[Items from a dataset]
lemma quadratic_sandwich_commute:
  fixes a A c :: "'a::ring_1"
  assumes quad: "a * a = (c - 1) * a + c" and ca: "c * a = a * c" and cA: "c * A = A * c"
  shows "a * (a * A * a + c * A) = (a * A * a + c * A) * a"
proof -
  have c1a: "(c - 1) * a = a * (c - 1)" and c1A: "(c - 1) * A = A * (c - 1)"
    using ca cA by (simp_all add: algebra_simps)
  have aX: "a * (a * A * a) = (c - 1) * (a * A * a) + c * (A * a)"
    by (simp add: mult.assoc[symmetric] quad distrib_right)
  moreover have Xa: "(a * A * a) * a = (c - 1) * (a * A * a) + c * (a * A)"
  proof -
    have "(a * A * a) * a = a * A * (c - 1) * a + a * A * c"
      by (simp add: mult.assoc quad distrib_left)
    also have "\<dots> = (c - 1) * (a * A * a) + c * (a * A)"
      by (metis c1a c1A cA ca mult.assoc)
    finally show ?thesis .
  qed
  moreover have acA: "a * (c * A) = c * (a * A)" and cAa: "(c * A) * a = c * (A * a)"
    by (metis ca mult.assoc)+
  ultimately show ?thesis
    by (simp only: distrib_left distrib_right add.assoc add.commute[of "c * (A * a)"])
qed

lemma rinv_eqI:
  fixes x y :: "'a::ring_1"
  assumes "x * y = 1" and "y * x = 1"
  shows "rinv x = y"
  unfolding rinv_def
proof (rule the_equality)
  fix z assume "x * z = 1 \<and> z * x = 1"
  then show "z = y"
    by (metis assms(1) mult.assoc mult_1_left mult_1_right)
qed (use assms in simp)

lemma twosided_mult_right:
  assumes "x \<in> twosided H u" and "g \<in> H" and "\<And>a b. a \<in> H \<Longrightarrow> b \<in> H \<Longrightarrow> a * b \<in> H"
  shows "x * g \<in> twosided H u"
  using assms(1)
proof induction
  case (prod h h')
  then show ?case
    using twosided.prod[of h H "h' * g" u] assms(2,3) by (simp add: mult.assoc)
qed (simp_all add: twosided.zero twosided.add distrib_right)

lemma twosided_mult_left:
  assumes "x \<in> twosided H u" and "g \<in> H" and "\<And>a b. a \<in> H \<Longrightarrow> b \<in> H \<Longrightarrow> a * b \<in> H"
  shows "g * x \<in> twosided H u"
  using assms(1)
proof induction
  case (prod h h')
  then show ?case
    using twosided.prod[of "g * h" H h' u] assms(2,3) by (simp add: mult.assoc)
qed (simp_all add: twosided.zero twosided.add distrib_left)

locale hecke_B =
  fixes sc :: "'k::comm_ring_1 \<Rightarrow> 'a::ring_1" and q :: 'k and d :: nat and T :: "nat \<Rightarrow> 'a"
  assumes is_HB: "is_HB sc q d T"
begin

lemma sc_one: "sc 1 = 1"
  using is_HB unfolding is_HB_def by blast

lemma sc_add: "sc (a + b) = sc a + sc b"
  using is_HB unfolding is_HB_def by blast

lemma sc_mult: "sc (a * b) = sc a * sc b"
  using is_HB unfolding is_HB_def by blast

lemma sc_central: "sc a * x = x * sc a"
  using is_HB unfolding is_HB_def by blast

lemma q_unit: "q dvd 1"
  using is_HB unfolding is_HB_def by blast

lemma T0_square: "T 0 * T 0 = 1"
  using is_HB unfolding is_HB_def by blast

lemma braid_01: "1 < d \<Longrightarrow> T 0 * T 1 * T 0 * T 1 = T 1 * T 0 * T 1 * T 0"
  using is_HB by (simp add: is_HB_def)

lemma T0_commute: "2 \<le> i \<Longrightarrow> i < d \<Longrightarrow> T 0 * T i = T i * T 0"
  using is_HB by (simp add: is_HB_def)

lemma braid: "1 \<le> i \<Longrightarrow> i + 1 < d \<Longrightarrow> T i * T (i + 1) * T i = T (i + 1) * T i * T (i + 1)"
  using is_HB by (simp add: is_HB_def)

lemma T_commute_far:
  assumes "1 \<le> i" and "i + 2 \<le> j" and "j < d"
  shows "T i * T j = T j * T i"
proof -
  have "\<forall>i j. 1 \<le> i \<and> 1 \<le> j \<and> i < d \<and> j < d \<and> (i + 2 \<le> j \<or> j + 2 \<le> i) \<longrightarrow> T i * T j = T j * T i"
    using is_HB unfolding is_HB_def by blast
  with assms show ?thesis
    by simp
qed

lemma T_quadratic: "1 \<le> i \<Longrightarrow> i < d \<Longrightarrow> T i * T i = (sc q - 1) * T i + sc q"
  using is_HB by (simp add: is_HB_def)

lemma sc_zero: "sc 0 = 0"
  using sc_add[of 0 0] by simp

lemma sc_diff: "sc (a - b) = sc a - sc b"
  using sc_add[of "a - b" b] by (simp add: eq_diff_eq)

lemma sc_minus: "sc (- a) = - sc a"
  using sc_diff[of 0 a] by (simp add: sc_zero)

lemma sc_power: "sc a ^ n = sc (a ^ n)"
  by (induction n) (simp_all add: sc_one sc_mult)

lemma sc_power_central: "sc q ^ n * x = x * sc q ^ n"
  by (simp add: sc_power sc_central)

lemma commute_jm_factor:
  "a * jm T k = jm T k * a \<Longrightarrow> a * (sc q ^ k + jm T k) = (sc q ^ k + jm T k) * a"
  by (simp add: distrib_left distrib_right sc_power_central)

...

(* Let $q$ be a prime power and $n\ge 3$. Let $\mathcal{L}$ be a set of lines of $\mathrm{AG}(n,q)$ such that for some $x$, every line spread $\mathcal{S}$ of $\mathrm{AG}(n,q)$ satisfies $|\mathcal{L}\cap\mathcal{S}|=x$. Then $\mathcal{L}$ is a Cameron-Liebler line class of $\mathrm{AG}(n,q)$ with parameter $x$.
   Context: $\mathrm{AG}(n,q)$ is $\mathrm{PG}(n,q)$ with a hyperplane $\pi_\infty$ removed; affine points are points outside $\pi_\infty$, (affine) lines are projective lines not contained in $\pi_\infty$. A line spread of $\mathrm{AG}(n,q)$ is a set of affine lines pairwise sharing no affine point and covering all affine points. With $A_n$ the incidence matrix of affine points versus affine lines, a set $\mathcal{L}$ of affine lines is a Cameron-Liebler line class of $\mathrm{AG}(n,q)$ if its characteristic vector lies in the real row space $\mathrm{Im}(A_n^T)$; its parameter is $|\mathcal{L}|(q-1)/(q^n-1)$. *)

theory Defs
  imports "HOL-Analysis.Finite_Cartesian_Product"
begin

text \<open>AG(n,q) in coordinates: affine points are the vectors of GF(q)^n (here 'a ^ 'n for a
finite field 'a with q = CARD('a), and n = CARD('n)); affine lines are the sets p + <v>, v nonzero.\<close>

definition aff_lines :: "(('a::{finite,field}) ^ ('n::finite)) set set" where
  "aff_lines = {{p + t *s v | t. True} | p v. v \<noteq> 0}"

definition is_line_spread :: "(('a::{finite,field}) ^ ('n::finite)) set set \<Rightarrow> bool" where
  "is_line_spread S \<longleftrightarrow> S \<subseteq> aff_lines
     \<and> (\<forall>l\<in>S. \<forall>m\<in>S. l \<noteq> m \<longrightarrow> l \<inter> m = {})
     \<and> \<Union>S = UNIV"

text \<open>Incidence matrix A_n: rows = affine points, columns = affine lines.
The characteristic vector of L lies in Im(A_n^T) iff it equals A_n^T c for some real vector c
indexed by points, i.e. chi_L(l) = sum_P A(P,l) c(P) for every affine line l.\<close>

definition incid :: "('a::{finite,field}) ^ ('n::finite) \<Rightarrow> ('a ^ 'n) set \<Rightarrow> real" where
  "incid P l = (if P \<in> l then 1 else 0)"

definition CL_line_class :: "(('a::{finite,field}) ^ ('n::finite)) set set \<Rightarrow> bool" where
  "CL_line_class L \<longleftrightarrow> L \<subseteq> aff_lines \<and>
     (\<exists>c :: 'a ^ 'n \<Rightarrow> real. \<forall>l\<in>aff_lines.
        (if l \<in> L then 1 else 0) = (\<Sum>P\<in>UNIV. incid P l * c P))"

==

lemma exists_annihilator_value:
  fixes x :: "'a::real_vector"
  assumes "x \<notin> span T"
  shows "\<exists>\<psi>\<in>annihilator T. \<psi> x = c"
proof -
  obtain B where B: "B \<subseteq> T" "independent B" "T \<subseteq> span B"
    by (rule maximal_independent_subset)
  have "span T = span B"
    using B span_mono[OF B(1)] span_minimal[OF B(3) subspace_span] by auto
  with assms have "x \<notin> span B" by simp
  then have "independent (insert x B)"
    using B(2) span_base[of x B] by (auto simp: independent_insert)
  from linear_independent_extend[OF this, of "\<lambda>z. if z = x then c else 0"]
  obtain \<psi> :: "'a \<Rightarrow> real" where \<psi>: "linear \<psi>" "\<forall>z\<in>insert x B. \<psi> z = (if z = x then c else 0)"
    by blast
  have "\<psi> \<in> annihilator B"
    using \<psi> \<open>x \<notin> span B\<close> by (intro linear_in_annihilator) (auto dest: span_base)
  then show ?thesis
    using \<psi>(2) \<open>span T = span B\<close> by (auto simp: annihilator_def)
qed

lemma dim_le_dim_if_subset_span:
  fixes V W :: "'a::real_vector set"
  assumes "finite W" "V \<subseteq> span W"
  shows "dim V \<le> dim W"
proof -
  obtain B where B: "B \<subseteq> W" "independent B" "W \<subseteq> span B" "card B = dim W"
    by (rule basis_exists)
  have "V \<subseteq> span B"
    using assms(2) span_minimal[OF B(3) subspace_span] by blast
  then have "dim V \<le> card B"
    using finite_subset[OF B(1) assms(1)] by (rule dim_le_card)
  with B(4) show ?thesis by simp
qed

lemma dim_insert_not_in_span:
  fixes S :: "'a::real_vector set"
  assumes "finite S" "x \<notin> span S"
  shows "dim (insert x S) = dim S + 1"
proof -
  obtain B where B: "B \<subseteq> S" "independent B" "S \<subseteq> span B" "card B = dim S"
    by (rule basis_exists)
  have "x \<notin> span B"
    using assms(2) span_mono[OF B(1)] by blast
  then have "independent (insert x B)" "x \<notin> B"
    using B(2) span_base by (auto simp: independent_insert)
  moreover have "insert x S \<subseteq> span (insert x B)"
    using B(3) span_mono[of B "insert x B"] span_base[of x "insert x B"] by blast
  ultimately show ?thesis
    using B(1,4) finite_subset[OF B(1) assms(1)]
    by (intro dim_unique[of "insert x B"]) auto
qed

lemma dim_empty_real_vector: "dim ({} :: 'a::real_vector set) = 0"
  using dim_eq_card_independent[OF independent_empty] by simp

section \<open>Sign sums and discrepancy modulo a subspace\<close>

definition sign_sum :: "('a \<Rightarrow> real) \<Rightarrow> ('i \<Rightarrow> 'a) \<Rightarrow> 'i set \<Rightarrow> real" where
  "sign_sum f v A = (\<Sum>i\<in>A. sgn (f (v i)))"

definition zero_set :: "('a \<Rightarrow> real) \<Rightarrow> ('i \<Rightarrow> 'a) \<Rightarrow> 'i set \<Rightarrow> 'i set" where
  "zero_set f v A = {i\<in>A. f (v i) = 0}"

_What to do_
Look above for the line with "S \<subseteq> aff_lines"; retype exactly that line, every line after it up to the line with "(if l \<in>", and that line too, nothing else.

_Result of the exercise_
  "is_line_spread S \<longleftrightarrow> S \<subseteq> aff_lines
     \<and> (\<forall>l\<in>S. \<forall>m\<in>S. l \<noteq> m \<longrightarrow> l \<inter> m = {})
     \<and> \<Union>S = UNIV"

text \<open>Incidence matrix A_n: rows = affine points, columns = affine lines.
The characteristic vector of L lies in Im(A_n^T) iff it equals A_n^T c for some real vector c
indexed by points, i.e. chi_L(l) = sum_P A(P,l) c(P) for every affine line l.\<close>

definition incid :: "('a::{finite,field}) ^ ('n::finite) \<Rightarrow> ('a ^ 'n) set \<Rightarrow> real" where
  "incid P l = (if P \<in> l then 1 else 0)"

definition CL_line_class :: "(('a::{finite,field}) ^ ('n::finite)) set set \<Rightarrow> bool" where
  "CL_line_class L \<longleftrightarrow> L \<subseteq> aff_lines \<and>
     (\<exists>c :: 'a ^ 'n \<Rightarrow> real. \<forall>l\<in>aff_lines.
        (if l \<in> L then 1 else 0) = (\<Sum>P\<in>UNIV. incid P l * c P))"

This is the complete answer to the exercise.